TASK STATEMENT: For the string "bool", find every matching line in the records and copy it.

SOURCE MATERIAL:
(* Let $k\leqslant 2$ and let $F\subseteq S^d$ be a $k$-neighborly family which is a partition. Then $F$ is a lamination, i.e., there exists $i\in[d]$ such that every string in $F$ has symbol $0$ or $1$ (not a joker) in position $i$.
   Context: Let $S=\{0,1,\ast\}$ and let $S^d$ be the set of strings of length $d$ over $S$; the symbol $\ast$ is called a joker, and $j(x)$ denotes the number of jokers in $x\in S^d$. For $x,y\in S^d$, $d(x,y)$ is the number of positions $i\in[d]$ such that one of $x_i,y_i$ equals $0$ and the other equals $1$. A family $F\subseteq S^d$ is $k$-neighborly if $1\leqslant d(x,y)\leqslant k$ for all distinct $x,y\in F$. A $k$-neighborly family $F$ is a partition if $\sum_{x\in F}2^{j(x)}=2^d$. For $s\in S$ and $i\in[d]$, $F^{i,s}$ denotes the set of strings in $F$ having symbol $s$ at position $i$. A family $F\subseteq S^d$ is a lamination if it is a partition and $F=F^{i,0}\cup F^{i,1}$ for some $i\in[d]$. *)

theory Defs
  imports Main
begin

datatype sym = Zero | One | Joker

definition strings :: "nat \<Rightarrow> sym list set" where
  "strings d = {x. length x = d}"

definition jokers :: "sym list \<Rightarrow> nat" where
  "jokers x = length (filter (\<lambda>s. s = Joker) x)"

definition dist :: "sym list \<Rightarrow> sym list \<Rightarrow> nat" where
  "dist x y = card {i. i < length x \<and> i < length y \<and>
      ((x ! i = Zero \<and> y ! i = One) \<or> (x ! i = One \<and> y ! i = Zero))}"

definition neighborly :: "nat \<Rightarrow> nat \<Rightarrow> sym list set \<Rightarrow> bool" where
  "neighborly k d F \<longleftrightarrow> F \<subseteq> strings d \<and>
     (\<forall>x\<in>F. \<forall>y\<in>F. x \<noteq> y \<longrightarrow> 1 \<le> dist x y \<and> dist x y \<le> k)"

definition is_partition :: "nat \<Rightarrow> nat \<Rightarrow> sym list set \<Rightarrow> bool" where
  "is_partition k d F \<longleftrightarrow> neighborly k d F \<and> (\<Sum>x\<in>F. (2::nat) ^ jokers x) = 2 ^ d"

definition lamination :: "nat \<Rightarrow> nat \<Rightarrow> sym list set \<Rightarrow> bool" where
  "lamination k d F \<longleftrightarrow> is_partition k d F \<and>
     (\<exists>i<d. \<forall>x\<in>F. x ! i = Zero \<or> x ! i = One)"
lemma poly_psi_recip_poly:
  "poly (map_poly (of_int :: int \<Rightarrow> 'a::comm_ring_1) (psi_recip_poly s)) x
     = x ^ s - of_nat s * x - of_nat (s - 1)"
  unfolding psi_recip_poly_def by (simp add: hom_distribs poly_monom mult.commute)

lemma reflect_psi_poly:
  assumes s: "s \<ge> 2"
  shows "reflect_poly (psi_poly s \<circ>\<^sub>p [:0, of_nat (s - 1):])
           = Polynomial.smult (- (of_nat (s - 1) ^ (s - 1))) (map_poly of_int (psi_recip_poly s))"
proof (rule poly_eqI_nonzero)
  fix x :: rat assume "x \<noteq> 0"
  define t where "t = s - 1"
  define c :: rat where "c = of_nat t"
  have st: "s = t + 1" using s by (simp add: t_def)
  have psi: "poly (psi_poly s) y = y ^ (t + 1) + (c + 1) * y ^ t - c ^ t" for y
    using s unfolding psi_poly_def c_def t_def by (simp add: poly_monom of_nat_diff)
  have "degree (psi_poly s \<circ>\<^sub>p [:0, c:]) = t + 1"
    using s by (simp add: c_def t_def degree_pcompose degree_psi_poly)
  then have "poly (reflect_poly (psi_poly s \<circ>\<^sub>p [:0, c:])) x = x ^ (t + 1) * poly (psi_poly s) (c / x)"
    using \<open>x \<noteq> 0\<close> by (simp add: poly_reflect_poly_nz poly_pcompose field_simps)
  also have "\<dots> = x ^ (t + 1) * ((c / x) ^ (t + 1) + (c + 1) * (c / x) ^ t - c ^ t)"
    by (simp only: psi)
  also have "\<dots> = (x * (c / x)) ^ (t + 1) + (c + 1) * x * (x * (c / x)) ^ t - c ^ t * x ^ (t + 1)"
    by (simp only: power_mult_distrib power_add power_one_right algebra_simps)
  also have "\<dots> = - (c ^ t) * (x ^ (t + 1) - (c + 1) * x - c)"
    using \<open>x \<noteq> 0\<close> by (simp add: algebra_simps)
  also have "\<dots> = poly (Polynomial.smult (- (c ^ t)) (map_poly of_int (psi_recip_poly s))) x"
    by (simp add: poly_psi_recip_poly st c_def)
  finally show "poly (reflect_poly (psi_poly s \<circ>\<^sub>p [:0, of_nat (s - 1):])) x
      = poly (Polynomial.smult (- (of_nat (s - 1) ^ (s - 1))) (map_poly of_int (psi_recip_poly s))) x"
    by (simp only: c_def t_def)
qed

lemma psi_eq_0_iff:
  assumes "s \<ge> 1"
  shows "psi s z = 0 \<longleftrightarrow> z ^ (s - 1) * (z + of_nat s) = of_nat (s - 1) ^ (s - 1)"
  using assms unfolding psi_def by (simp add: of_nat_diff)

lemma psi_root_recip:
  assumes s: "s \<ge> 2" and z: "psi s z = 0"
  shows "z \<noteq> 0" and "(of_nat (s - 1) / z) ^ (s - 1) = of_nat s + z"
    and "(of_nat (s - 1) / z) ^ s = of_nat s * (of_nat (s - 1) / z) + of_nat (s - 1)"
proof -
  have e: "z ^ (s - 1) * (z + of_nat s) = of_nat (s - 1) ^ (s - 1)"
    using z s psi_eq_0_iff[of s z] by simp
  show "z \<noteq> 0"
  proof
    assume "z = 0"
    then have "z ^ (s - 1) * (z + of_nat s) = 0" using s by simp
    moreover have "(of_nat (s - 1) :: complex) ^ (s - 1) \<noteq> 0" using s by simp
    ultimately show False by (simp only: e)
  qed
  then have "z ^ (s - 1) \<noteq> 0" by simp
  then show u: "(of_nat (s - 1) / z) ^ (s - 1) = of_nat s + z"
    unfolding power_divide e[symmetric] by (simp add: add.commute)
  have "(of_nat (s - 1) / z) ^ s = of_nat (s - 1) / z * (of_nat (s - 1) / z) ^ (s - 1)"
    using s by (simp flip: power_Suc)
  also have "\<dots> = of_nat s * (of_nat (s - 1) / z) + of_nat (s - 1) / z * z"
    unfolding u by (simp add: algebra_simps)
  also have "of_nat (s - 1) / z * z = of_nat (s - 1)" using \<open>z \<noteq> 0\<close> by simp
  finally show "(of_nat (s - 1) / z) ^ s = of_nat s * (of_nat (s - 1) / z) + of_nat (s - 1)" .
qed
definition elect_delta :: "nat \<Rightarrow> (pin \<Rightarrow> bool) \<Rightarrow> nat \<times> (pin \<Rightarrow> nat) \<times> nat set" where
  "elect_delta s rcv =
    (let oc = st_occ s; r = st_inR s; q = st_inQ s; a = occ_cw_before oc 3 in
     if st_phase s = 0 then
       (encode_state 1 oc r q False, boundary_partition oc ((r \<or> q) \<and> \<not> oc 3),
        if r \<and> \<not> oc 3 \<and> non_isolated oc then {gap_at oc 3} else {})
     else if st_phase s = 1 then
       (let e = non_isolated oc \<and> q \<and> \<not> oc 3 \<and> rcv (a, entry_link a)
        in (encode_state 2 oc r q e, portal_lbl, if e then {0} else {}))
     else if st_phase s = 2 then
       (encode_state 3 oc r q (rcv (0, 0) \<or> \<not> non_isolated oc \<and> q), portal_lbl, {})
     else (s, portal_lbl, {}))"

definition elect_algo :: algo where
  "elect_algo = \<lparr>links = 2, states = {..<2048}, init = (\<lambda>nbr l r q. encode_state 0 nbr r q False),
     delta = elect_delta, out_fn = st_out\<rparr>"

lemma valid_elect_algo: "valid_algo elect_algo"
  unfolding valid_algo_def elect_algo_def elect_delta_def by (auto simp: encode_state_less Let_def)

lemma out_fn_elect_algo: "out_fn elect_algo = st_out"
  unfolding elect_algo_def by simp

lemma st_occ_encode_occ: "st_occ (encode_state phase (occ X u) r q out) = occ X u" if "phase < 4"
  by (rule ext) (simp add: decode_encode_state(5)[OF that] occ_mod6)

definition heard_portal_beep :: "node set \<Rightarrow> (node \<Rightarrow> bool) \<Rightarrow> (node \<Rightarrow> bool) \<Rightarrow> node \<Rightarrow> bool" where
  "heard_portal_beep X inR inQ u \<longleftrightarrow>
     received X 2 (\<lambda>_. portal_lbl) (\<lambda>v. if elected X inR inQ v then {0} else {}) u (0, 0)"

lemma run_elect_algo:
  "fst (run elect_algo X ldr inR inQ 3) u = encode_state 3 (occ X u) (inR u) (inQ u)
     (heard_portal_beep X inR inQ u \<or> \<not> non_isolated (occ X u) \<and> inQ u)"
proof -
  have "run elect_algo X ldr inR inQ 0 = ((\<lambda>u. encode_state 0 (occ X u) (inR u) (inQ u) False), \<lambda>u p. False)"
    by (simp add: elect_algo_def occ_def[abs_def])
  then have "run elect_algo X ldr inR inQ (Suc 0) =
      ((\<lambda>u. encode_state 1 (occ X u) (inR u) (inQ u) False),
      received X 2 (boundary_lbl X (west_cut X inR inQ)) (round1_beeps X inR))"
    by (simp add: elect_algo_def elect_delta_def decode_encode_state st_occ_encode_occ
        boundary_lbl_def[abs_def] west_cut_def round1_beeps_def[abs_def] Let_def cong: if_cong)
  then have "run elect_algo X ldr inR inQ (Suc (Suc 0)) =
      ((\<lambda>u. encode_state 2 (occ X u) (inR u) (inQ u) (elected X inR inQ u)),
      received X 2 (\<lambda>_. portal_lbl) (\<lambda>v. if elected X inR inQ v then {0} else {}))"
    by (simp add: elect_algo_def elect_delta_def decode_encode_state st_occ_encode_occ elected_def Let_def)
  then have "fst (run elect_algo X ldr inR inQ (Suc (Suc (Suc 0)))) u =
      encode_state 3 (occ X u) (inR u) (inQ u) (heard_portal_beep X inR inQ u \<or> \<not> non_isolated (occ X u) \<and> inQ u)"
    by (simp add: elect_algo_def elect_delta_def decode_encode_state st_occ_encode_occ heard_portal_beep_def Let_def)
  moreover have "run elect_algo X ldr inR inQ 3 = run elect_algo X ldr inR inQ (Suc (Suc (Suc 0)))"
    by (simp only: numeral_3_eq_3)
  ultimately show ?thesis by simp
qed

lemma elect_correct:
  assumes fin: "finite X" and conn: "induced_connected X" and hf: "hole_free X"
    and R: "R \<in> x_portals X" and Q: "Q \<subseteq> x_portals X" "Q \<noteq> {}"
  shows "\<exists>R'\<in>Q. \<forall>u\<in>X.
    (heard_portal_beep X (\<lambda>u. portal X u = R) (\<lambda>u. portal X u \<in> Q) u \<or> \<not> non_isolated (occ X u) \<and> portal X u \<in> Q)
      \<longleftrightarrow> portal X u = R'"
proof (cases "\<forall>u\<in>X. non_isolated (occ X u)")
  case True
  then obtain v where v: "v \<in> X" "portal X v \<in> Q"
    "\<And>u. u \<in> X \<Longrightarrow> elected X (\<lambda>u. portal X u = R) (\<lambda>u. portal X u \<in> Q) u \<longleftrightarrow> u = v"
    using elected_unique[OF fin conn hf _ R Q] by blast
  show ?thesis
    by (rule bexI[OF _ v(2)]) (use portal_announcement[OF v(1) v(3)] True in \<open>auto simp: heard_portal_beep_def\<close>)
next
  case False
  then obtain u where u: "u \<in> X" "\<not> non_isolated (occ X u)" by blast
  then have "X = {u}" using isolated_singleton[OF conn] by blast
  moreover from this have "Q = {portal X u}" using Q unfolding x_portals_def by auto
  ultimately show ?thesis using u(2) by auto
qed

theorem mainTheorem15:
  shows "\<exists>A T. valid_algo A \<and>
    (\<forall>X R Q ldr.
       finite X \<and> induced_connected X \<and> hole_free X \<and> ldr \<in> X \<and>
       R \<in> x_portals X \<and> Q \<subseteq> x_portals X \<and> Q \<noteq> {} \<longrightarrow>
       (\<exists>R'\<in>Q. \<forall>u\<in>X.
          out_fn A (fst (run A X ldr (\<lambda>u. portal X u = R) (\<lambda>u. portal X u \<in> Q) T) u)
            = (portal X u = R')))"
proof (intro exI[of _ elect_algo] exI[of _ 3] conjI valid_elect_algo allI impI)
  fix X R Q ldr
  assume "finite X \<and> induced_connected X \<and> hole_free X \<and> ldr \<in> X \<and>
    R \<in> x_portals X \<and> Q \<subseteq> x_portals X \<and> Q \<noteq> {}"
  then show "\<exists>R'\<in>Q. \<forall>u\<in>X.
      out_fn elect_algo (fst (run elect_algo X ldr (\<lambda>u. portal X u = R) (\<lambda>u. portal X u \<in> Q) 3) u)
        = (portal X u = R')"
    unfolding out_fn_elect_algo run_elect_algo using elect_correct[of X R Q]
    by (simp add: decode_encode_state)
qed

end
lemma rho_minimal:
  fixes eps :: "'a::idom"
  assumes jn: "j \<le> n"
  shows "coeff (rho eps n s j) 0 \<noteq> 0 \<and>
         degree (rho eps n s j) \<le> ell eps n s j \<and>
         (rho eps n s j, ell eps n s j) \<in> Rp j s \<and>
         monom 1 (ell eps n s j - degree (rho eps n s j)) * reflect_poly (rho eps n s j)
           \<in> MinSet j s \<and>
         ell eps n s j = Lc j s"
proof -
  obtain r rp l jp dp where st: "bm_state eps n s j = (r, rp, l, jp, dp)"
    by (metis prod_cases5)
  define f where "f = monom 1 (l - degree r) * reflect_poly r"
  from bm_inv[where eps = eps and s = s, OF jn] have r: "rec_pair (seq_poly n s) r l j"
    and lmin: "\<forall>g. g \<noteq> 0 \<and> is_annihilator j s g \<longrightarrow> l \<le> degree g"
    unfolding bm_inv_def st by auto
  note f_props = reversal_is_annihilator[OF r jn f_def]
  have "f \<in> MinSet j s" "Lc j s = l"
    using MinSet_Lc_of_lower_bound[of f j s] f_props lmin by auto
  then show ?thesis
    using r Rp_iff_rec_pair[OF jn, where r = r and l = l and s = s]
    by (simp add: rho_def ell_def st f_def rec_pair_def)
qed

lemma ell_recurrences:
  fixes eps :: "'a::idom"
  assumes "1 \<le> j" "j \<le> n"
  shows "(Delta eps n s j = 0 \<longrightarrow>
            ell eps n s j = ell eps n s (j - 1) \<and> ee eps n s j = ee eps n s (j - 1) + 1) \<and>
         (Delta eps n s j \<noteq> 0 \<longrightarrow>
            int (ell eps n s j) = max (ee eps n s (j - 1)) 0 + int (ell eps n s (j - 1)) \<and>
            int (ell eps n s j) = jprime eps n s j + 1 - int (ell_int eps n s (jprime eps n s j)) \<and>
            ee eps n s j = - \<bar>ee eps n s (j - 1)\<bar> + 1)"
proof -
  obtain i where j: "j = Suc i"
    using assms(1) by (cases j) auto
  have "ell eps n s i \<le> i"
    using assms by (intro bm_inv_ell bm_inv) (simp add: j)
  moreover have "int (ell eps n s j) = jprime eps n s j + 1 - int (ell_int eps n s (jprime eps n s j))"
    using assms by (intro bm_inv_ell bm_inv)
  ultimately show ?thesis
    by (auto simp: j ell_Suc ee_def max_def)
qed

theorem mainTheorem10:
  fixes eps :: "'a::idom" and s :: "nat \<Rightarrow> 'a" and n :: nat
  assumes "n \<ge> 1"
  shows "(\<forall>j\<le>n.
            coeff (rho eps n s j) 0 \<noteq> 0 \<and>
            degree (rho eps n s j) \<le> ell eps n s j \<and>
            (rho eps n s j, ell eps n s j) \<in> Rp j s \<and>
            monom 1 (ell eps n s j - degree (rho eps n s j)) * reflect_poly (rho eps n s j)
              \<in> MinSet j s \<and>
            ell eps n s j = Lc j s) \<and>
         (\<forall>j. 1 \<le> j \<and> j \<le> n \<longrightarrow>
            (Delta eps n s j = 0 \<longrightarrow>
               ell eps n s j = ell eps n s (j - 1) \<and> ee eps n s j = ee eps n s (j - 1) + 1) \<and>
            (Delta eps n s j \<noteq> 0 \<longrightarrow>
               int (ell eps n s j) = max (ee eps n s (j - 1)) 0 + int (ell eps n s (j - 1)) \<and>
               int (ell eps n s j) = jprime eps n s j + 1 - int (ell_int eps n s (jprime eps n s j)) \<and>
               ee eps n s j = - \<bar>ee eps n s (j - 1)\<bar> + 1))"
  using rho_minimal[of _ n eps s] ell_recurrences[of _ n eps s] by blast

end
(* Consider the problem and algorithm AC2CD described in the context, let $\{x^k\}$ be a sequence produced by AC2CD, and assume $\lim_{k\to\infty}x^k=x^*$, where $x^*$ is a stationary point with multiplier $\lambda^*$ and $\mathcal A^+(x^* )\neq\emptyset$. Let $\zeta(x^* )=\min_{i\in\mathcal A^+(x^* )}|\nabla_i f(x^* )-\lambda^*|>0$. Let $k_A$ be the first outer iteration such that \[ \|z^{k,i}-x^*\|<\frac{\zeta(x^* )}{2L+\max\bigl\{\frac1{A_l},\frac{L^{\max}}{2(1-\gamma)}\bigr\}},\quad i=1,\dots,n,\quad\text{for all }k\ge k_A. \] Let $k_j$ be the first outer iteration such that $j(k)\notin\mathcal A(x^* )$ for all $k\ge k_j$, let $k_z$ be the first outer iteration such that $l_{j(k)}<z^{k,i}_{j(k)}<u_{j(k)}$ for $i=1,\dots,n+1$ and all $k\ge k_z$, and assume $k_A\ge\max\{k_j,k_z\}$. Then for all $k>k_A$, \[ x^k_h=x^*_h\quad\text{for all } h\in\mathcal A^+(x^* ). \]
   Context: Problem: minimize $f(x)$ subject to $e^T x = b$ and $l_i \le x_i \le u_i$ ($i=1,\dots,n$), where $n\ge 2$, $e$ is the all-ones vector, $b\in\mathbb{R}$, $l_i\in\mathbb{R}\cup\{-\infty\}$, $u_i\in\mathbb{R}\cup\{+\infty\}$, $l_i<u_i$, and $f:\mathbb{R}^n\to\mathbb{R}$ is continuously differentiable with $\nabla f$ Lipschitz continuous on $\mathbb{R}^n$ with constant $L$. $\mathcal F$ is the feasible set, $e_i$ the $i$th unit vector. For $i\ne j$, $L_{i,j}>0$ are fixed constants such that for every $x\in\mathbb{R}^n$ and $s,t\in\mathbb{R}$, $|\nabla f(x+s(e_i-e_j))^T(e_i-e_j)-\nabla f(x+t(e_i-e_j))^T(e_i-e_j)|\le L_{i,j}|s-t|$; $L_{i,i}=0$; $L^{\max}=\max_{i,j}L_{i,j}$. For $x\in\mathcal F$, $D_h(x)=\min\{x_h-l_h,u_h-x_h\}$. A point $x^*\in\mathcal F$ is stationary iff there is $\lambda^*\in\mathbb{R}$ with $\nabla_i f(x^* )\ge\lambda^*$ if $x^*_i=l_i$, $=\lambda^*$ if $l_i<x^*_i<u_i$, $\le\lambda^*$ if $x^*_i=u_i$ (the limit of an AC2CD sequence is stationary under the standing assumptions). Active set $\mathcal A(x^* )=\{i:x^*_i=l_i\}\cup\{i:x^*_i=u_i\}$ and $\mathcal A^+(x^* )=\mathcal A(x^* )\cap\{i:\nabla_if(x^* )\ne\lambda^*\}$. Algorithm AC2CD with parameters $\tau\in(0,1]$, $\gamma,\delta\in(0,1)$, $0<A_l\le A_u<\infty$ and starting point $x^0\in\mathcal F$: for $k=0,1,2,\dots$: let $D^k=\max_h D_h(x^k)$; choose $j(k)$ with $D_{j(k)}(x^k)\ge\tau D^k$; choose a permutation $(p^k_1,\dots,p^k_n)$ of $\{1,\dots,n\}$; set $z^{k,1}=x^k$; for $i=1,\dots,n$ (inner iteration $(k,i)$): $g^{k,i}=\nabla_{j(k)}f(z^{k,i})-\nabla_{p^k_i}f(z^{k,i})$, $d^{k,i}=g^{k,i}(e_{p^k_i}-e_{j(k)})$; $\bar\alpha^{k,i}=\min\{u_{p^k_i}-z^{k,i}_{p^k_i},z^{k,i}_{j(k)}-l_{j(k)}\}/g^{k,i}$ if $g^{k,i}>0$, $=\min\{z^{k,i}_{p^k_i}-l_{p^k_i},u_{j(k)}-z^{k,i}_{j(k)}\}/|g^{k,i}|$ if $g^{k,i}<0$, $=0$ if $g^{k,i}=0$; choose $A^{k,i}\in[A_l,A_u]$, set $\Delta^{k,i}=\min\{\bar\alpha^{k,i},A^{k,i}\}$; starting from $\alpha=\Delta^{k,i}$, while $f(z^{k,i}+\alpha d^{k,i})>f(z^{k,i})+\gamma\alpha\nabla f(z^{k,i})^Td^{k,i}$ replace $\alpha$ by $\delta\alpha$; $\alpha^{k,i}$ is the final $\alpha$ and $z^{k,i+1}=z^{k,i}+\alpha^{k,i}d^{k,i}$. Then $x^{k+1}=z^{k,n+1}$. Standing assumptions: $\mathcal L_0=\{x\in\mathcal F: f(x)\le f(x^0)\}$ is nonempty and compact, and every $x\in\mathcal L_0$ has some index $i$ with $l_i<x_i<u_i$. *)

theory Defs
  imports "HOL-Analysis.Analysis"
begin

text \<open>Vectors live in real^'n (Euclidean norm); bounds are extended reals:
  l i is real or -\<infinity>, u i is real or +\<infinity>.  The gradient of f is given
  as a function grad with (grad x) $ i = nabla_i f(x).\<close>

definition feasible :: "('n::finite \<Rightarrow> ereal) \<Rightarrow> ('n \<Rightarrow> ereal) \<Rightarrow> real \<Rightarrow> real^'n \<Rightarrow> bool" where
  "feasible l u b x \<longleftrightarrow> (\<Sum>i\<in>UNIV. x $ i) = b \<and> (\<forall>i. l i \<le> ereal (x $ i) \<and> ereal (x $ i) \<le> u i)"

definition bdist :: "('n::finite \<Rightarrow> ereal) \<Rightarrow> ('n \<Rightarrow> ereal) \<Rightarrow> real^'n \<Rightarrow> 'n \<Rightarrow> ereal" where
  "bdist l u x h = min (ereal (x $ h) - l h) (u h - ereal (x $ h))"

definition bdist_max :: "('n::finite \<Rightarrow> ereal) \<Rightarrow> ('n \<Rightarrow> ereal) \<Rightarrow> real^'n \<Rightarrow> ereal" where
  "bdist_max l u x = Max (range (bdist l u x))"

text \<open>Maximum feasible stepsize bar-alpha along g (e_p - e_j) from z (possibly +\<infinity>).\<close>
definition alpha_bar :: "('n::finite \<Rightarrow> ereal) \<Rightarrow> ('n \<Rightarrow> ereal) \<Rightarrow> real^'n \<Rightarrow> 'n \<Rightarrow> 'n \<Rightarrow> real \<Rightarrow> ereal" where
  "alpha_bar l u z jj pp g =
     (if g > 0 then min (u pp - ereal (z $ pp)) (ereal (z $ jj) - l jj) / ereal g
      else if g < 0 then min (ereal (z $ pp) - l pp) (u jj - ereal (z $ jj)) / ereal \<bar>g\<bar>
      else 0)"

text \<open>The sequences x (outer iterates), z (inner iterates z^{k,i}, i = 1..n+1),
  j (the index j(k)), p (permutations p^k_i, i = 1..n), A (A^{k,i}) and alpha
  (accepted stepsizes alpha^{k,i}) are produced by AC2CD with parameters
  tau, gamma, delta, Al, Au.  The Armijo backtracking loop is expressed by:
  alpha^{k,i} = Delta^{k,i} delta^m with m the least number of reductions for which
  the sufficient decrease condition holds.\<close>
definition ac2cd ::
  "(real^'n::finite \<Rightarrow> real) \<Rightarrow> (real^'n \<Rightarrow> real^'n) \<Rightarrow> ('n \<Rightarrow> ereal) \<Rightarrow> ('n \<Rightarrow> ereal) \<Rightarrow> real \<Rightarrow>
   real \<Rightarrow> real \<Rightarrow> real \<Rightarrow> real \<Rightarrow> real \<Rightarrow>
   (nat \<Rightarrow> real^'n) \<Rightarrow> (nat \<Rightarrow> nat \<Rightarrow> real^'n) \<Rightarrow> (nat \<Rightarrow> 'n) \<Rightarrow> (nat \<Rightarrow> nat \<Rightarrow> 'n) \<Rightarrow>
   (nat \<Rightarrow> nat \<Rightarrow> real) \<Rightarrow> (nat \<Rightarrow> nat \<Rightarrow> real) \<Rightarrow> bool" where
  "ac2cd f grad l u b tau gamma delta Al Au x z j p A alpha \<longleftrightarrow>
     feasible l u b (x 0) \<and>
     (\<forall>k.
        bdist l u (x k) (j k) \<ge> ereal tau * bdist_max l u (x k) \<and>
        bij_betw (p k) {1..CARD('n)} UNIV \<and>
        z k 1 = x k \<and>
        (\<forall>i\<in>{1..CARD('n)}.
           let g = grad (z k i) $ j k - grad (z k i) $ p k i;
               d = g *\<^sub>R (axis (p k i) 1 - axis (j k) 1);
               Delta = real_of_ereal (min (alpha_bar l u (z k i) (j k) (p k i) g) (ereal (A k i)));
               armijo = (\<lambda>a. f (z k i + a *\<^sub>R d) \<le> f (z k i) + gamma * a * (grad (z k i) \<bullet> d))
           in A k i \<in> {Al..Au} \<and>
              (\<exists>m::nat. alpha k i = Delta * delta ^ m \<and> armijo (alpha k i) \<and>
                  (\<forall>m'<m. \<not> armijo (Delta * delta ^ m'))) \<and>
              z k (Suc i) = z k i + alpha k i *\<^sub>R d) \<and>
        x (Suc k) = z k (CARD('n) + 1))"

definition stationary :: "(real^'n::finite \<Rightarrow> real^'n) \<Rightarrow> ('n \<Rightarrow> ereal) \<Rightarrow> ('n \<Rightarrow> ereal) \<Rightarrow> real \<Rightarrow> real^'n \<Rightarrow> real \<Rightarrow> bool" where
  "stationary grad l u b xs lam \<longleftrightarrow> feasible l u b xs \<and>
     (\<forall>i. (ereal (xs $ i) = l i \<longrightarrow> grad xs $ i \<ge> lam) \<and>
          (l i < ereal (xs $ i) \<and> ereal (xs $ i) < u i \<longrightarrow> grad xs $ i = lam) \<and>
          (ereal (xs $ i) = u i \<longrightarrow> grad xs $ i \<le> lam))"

YOUR SOLUTION:
definition neighborly :: "nat \<Rightarrow> nat \<Rightarrow> sym list set \<Rightarrow> bool" where
definition is_partition :: "nat \<Rightarrow> nat \<Rightarrow> sym list set \<Rightarrow> bool" where
definition lamination :: "nat \<Rightarrow> nat \<Rightarrow> sym list set \<Rightarrow> bool" where
definition elect_delta :: "nat \<Rightarrow> (pin \<Rightarrow> bool) \<Rightarrow> nat \<times> (pin \<Rightarrow> nat) \<times> nat set" where
definition heard_portal_beep :: "node set \<Rightarrow> (node \<Rightarrow> bool) \<Rightarrow> (node \<Rightarrow> bool) \<Rightarrow> node \<Rightarrow> bool" where
definition feasible :: "('n::finite \<Rightarrow> ereal) \<Rightarrow> ('n \<Rightarrow> ereal) \<Rightarrow> real \<Rightarrow> real^'n \<Rightarrow> bool" where
   (nat \<Rightarrow> nat \<Rightarrow> real) \<Rightarrow> (nat \<Rightarrow> nat \<Rightarrow> real) \<Rightarrow> bool" where
definition stationary :: "(real^'n::finite \<Rightarrow> real^'n) \<Rightarrow> ('n \<Rightarrow> ereal) \<Rightarrow> ('n \<Rightarrow> ereal) \<Rightarrow> real \<Rightarrow> real^'n \<Rightarrow> real \<Rightarrow> bool" where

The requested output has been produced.